§ **What you are asked to do**
Which lines in the records below contain the word "noteq"? Copy each one out.

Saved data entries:
(* Let $k,\ell\in\mathbb Z_{\ge1}$. Put $\theta=\theta_{(k,\ell)}=\frac13(k+\ell,\ell-2k,k-2\ell)$ and $\theta'=\theta'_{(k,\ell)}=\frac13(2k-\ell,2\ell-k,-(k+\ell))$. All maps below are the $\mathfrak g$-homomorphisms between the indicated Verma modules determined by $1\otimes\mathbb 1\mapsto u\otimes\mathbb 1$ as in the context, and they are $(\mathfrak g,B)$-homomorphisms. (1) If $k<\ell$: with $\varphi_2^{(\ell)}:N(s_\beta s_\alpha\theta)^{((-)^\ell,(-)^k)}\to N(s_\alpha\theta)^{(+,(-)^k)}$, $\varphi_1^{(k)}:N(s_\alpha\theta)^{(+,(-)^k)}\to N(\theta)^{(+,+)}$, $\varphi_1^{(\ell-k)}:N(s_\gamma\theta)^{((-)^\ell,(-)^\ell)}\to N(s_\beta s_\alpha\theta)^{((-)^\ell,(-)^k)}$, $\varphi_+^{(k,\ell)}:N(s_\beta s_\alpha\theta)\to N(\theta)$, $\varphi_-^{(\ell-k,\ell)}:N(s_\gamma\theta)\to N(s_\alpha\theta)$, $\varphi_c^{(2k-\ell;\ell)}:N(s_\gamma\theta)\to N(\theta)$, one has $\varphi_+^{(k,\ell)}=\varphi_1^{(k)}\circ\varphi_2^{(\ell)}$, $\varphi_-^{(\ell-k,\ell)}=\varphi_2^{(\ell)}\circ\varphi_1^{(\ell-k)}$, and $\varphi_c^{(2k-\ell;\ell)}=\varphi_+^{(k,\ell)}\circ\varphi_1^{(\ell-k)}=\varphi_1^{(k)}\circ\varphi_-^{(\ell-k,\ell)}=\varphi_1^{(k)}\circ\varphi_2^{(\ell)}\circ\varphi_1^{(\ell-k)}$. (2) If $k>\ell$: with $\varphi_1^{(k-\ell)}:N(s_\beta s_\alpha\theta)^{((-)^\ell,(-)^k)}\to N(s_\gamma\theta)^{((-)^\ell,(-)^\ell)}$, $\varphi_c^{(2k-\ell;\ell)}:N(s_\gamma\theta)\to N(\theta)^{(+,+)}$ and $\varphi_2^{(\ell)},\varphi_1^{(k)},\varphi_+^{(k,\ell)}$ as in (1), one has $\varphi_c^{(2k-\ell;\ell)}\circ\varphi_1^{(k-\ell)}=\varphi_+^{(k,\ell)}=\varphi_1^{(k)}\circ\varphi_2^{(\ell)}$. (3) If $k>\ell$: with $\varphi_2^{(k-\ell)}:N(s_\gamma\theta')^{((-)^k,(-)^k)}\to N(s_\alpha s_\beta\theta')^{((-)^\ell,(-)^k)}$, $\varphi_1^{(k)}:N(s_\alpha s_\beta\theta')\to N(s_\beta\theta')^{((-)^\ell,+)}$, $\varphi_2^{(\ell)}:N(s_\beta\theta')\to N(\theta')^{(+,+)}$, $\varphi_+^{(k,k-\ell)}:N(s_\gamma\theta')\to N(s_\beta\theta')$, $\varphi_-^{(k,\ell)}:N(s_\alpha s_\beta\theta')\to N(\theta')$, $\varphi_c^{(k-2\ell;k)}:N(s_\gamma\theta')\to N(\theta')$, one has $\varphi_+^{(k,k-\ell)}=\varphi_1^{(k)}\circ\varphi_2^{(k-\ell)}$, $\varphi_-^{(k,\ell)}=\varphi_2^{(\ell)}\circ\varphi_1^{(k)}$, and $\varphi_c^{(k-2\ell;k)}=\varphi_2^{(\ell)}\circ\varphi_+^{(k,k-\ell)}=\varphi_-^{(k,\ell)}\circ\varphi_2^{(k-\ell)}=\varphi_2^{(\ell)}\circ\varphi_1^{(k)}\circ\varphi_2^{(k-\ell)}$. (4) If $k<\ell$: with $\varphi_2^{(\ell-k)}:N(s_\alpha s_\beta\theta')^{((-)^\ell,(-)^k)}\to N(s_\gamma\theta')^{((-)^k,(-)^k)}$, $\varphi_c^{(k-2\ell;k)}:N(s_\gamma\theta')\to N(\theta')^{(+,+)}$ and $\varphi_1^{(k)},\varphi_2^{(\ell)},\varphi_-^{(k,\ell)}$ as in (3), one has $\varphi_c^{(k-2\ell;k)}\circ\varphi_2^{(\ell-k)}=\varphi_-^{(k,\ell)}=\varphi_2^{(\ell)}\circ\varphi_1^{(k)}$. (5) If $k=\ell$: $\varphi_c^{(k;k)}=\varphi_+^{(k,k)}=\varphi_1^{(k)}\circ\varphi_2^{(k)}$ as maps $N(s_\gamma\theta_{(k,k)})^{((-)^k,(-)^k)}\to N(\theta_{(k,k)})^{(+,+)}$, with $\varphi_2^{(k)}$ landing in $N(s_\alpha\theta_{(k,k)})^{(+,(-)^k)}$. (6) If $k=\ell$: $\varphi_c^{(-k;k)}=\varphi_-^{(k,k)}=\varphi_2^{(k)}\circ\varphi_1^{(k)}$ as maps $N(s_\gamma\theta'_{(k,k)})^{((-)^k,(-)^k)}\to N(\theta'_{(k,k)})^{(+,+)}$, with $\varphi_1^{(k)}$ landing in $N(s_\beta\theta'_{(k,k)})^{((-)^k,+)}$.
   Context: $\mathfrak g=\mathfrak{sl}(3,\mathbb C)$, $G=SL(3,\mathbb R)$, $B=MAN_+$ with $M$ the diagonal matrices with entries $\pm1$, $A=\exp(\mathbb RH_1+\mathbb RH_2)$ ($H_1=\mathrm{diag}(1,-1,0)$, $H_2=\mathrm{diag}(0,1,-1)$), $N_+$ upper unitriangular. $N_1^-=E_{2,1},N_2^-=E_{3,2},N_3^-=E_{3,1}$. Identify the Cartan dual with $\{v\in\mathbb C^3:v_1+v_2+v_3=0\}$; $\varpi_1=\frac13(2,-1,-1)$, $\varpi_2=\frac13(1,1,-2)$, $\rho=(1,0,-1)$. For such $\mu$ and $\varepsilon\in\{\pm\}^2$, $N(\mu)^{(\varepsilon)}=\mathcal U(\mathfrak g)\otimes_{\mathcal U(\mathfrak b)}(\mathbb C_\varepsilon\boxtimes\mathbb C_{\mu-\rho})$ is the Verma module of highest weight $\mu-\rho$, a $(\mathfrak g,B)$-module where $M$ acts on $\mathbb C_\varepsilon$ by $\mathrm{diag}(b_1,b_2,b_3)\mapsto|b_1|_{\varepsilon_1}|b_3|_{\varepsilon_2}$ ($|b|_+=|b|$, $|b|_-=b$) and $B$ acts diagonally; $\mathbb 1$ is the generator of $\mathbb C$. $s_\alpha,s_\beta,s_\gamma$ swap coordinates $1\leftrightarrow2$, $2\leftrightarrow3$, $1\leftrightarrow3$. $(-)^n=+$ for even $n$, $-$ for odd $n$. $\mathbf s(\cdot)$ = average over all orderings of a monomial. $\mathrm{Cay}_m(x;y)=\sum_{j=0}^m\binom mj(\frac{x+y}2)^{\underline j}(\frac{x-y}2)^{\overline{m-j}}$. The maps: $\varphi_1^{(n)}$: $1\otimes\mathbb 1\mapsto(N_1^-)^n\otimes\mathbb 1$; $\varphi_2^{(n)}$: $1\otimes\mathbb 1\mapsto(N_2^-)^n\otimes\mathbb 1$; $\varphi_\pm^{(a,b)}$: $1\otimes\mathbb 1\mapsto\sum_{m=0}^{\min(a,b)}\frac{(\pm1)^m}{2^m}m!\binom am\binom bm\mathbf s((N_1^-)^{a-m}(N_2^-)^{b-m}(N_3^-)^m)\otimes\mathbb 1$; $\varphi_c^{(s;n)}$: $1\otimes\mathbb 1\mapsto\sum_{m=0}^n\frac1{2^m}\binom nm\mathrm{Cay}_m(s;n)\mathbf s((N_1^-)^{n-m}(N_2^-)^{n-m}(N_3^-)^m)\otimes\mathbb 1$. $\circ$ is composition of module maps. *)

theory Defs
  imports Complex_Main
begin

text \<open>Basis of sl(3,C): the root vectors E_ij (1-indexed, i \<noteq> j) and H1 = diag(1,-1,0),
  H2 = diag(0,1,-1).\<close>
datatype gen = E12 | E13 | E21 | E23 | E31 | E32 | H1 | H2

definition allgens :: "gen set" where
  "allgens = {E12, E13, E21, E23, E31, E32, H1, H2}"

text \<open>3x3 matrices with 0-indexed entries.\<close>
type_synonym mat3 = "nat \<Rightarrow> nat \<Rightarrow> complex"

definition unitm :: "nat \<Rightarrow> nat \<Rightarrow> mat3" where
  "unitm a b = (\<lambda>i j. if i = a \<and> j = b then 1 else 0)"

fun gmat :: "gen \<Rightarrow> mat3" where
  "gmat E12 = unitm 0 1" | "gmat E13 = unitm 0 2" | "gmat E21 = unitm 1 0"
| "gmat E23 = unitm 1 2" | "gmat E31 = unitm 2 0" | "gmat E32 = unitm 2 1"
| "gmat H1 = (\<lambda>i j. if i = j then (if i = 0 then 1 else if i = 1 then -1 else 0) else 0)"
| "gmat H2 = (\<lambda>i j. if i = j then (if i = 1 then 1 else if i = 2 then -1 else 0) else 0)"

definition matmul :: "mat3 \<Rightarrow> mat3 \<Rightarrow> mat3" where
  "matmul A B = (\<lambda>i j. \<Sum>r<3. A i r * B r j)"

definition mbracket :: "gen \<Rightarrow> gen \<Rightarrow> mat3" where
  "mbracket x y = (\<lambda>i j. matmul (gmat x) (gmat y) i j - matmul (gmat y) (gmat x) i j)"

text \<open>Coordinates of a traceless matrix in the basis above
  (diag(d0,d1,d2) = d0 H1 + (-d2) H2 when d0+d1+d2 = 0).\<close>
fun coord :: "mat3 \<Rightarrow> gen \<Rightarrow> complex" where
  "coord M E12 = M 0 1" | "coord M E13 = M 0 2" | "coord M E21 = M 1 0"
| "coord M E23 = M 1 2" | "coord M E31 = M 2 0" | "coord M E32 = M 2 1"
| "coord M H1 = M 0 0" | "coord M H2 = - M 2 2"

type_synonym fa = "gen list \<Rightarrow> complex"

definition FA :: "fa set" where
  "FA = {p. finite {w. p w \<noteq> 0}}"

definition fa_word :: "gen list \<Rightarrow> fa" where
  "fa_word w = (\<lambda>v. if v = w then 1 else 0)"

definition fa_add :: "fa \<Rightarrow> fa \<Rightarrow> fa" where
  "fa_add p q = (\<lambda>w. p w + q w)"

definition fa_sub :: "fa \<Rightarrow> fa \<Rightarrow> fa" where
  "fa_sub p q = (\<lambda>w. p w - q w)"

definition fa_smul :: "complex \<Rightarrow> fa \<Rightarrow> fa" where
  "fa_smul c p = (\<lambda>w. c * p w)"

definition fa_const :: "complex \<Rightarrow> fa" where
  "fa_const c = fa_smul c (fa_word [])"

definition fa_mul :: "fa \<Rightarrow> fa \<Rightarrow> fa" where
  "fa_mul p q = (\<lambda>w. \<Sum>i\<le>length w. p (take i w) * q (drop i w))"

definition urel :: "gen \<Rightarrow> gen \<Rightarrow> fa" where
  "urel x y = (\<lambda>w. fa_word [x, y] w - fa_word [y, x] w
                 - (\<Sum>g\<in>allgens. coord (mbracket x y) g * fa_word [g] w))"

text \<open>Weights are identified with triples (v1,v2,v3) (with v1+v2+v3 = 0);
  the pairing with H1, H2 is v1-v2, v2-v3.  rho = (1,0,-1).\<close>
type_synonym wt = "complex \<times> complex \<times> complex"
lemma eventually_convergence_region:
  assumes "\<And>x y z. norm (y * z) < 1 \<Longrightarrow> norm x < (1 - norm (y * z))\<^sup>2 \<Longrightarrow> P x y z"
  shows "\<forall>\<^sub>F (x, y, z) in nhds ((0::complex), (0::complex), (0::complex)). P x y z"
proof -
  define U where "U = {p :: complex \<times> complex \<times> complex.
      norm (fst (snd p) * snd (snd p)) < 1 \<and> norm (fst p) < (1 - norm (fst (snd p) * snd (snd p)))\<^sup>2}"
  have "open U"
    unfolding U_def by (rule open_Collect_conj; rule open_Collect_less; intro continuous_intros)
  then have "\<forall>\<^sub>F p in nhds (0, 0, 0). p \<in> U"
    by (rule eventually_nhds_in_open) (simp add: U_def)
  then show ?thesis
    by (rule eventually_mono) (auto simp: U_def assms)
qed

section \<open>Polyominoes of profiles\<close>

lemma Max_int_atLeastAtMost: "(a::int) \<le> b \<Longrightarrow> Max {a..b} = b"
  by (rule Max_eqI) auto

lemma Min_int_atLeastAtMost: "(a::int) \<le> b \<Longrightarrow> Min {a..b} = a"
  by (rule Min_eqI) auto

definition poly_of_profile :: "(nat \<times> nat) list \<Rightarrow> cell set" where
  "poly_of_profile cs = {(i, y). 0 \<le> i \<and> i < int (length cs) \<and>
     int (fst (cs ! nat i)) \<le> y \<and> y \<le> int (snd (cs ! nat i))}"

lemma column_poly_of_profile:
  "column (poly_of_profile cs) i =
     (if 0 \<le> i \<and> i < int (length cs) then {int (fst (cs ! nat i))..int (snd (cs ! nat i))} else {})"
  by (auto simp: column_def poly_of_profile_def)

§ **Result**
text \<open>Basis of sl(3,C): the root vectors E_ij (1-indexed, i \<noteq> j) and H1 = diag(1,-1,0),
  "FA = {p. finite {w. p w \<noteq> 0}}"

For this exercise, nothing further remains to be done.